=== THE TASK ===
Keep every line in which "alphabet" occurs and drop the rest of the data.

=== DATA EXTRACTS ===
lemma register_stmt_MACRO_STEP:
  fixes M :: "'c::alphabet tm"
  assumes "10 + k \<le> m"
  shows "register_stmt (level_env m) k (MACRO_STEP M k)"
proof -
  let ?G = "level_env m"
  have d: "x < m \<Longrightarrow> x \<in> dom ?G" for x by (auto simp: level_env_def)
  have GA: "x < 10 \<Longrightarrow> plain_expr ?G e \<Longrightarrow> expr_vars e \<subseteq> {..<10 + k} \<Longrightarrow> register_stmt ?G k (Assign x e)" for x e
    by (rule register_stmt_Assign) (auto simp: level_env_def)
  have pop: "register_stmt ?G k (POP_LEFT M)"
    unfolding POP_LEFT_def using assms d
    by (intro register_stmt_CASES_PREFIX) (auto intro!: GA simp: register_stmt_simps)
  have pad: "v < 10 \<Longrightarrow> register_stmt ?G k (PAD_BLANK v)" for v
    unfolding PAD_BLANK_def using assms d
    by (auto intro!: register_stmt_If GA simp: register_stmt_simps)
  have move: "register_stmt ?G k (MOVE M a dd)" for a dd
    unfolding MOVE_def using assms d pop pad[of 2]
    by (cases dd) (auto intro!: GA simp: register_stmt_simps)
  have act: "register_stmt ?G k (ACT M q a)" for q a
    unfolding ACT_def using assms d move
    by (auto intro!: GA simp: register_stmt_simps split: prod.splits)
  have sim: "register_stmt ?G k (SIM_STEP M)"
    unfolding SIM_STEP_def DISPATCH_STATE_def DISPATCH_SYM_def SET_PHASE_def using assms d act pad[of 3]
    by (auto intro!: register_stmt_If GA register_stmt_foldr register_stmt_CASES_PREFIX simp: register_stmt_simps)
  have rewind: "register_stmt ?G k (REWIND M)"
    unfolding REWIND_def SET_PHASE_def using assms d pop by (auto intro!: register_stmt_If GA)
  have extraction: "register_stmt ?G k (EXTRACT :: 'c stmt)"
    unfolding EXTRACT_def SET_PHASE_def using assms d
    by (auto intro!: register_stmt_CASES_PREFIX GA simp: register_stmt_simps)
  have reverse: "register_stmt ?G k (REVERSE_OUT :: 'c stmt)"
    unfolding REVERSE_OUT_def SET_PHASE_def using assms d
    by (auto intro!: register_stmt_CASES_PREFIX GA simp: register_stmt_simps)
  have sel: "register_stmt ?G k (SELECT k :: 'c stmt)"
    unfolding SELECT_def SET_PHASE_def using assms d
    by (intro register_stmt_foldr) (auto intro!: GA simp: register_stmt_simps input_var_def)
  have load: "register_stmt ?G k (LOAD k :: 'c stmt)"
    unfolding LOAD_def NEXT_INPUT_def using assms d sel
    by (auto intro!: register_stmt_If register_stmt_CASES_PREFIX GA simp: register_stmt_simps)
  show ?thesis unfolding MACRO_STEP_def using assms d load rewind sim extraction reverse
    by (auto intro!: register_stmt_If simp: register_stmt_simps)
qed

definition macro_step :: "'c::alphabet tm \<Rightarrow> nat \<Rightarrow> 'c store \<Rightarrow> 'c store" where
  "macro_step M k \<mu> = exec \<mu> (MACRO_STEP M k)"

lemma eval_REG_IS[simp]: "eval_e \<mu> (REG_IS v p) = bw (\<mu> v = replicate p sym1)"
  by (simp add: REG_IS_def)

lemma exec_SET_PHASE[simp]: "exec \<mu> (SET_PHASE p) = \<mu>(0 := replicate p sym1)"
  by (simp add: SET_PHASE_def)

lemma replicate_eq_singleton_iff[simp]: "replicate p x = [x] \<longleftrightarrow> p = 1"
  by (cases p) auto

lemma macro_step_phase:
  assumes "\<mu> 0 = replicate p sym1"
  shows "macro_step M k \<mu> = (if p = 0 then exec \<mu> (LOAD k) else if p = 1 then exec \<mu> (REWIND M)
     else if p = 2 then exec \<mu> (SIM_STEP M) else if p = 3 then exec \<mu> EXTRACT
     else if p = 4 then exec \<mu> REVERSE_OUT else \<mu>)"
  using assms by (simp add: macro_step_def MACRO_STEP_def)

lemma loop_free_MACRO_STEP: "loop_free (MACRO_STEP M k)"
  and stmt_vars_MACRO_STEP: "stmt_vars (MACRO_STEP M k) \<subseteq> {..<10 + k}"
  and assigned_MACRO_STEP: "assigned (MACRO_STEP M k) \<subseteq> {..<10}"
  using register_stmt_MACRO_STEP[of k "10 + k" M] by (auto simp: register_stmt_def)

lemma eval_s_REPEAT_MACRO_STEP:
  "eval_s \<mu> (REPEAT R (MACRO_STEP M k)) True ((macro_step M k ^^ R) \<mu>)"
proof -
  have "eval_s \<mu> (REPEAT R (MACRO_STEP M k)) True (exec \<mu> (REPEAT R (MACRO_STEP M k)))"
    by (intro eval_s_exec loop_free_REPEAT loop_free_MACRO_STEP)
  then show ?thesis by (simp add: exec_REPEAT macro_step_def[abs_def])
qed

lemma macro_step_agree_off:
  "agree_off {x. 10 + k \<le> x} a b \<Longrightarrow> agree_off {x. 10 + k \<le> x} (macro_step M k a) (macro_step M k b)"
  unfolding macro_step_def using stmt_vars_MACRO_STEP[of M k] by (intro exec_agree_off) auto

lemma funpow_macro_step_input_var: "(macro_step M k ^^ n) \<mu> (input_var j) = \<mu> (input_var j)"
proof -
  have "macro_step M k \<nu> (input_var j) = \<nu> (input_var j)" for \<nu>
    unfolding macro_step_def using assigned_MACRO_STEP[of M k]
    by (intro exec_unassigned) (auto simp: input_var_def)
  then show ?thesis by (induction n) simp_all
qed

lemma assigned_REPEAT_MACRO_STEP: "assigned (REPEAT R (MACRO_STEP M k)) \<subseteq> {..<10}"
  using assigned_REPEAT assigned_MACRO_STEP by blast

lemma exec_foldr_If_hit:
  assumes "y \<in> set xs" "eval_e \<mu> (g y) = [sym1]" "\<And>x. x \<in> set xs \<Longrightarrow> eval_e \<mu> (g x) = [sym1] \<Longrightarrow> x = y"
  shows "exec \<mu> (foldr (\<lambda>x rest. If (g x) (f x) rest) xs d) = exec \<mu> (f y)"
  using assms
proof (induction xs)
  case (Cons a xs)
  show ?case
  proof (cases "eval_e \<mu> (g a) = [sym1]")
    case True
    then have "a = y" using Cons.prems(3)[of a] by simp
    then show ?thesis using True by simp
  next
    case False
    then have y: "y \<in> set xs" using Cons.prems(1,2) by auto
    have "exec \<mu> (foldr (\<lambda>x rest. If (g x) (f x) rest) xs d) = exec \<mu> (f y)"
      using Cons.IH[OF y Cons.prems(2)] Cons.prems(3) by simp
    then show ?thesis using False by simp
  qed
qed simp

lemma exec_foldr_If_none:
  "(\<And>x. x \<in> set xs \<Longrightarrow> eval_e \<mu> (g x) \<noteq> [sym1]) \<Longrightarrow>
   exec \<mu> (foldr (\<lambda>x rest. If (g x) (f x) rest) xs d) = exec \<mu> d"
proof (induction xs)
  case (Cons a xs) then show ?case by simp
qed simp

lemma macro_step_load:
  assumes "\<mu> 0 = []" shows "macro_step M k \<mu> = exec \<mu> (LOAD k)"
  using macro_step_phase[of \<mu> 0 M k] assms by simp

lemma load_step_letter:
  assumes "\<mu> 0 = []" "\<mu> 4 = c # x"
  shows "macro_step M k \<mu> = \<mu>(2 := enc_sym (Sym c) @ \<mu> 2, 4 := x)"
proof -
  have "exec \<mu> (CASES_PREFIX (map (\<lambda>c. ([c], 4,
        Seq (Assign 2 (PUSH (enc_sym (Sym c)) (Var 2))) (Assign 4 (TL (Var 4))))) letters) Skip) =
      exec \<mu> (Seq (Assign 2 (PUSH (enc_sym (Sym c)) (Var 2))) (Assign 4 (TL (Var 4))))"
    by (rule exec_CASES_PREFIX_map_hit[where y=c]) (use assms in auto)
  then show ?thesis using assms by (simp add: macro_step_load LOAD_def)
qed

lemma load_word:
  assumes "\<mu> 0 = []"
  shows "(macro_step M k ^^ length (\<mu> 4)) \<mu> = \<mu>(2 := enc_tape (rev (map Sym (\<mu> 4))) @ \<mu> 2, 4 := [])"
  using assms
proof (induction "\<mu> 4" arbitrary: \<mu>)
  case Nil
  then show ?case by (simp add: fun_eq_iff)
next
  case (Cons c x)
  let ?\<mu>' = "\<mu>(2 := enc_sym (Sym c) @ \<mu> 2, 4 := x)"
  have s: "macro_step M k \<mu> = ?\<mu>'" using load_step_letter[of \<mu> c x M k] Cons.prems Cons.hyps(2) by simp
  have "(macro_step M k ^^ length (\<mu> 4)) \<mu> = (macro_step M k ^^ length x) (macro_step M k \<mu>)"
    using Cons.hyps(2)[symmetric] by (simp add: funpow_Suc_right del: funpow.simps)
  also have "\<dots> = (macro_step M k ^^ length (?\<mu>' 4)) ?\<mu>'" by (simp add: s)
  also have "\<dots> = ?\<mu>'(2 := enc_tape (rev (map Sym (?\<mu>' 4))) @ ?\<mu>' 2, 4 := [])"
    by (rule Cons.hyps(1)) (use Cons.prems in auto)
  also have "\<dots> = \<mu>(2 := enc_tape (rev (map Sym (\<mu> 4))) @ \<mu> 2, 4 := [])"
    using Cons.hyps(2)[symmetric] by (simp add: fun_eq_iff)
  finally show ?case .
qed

=== SOLUTION FOR THIS EXERCISE ===
  fixes M :: "'c::alphabet tm"
definition macro_step :: "'c::alphabet tm \<Rightarrow> nat \<Rightarrow> 'c store \<Rightarrow> 'c store" where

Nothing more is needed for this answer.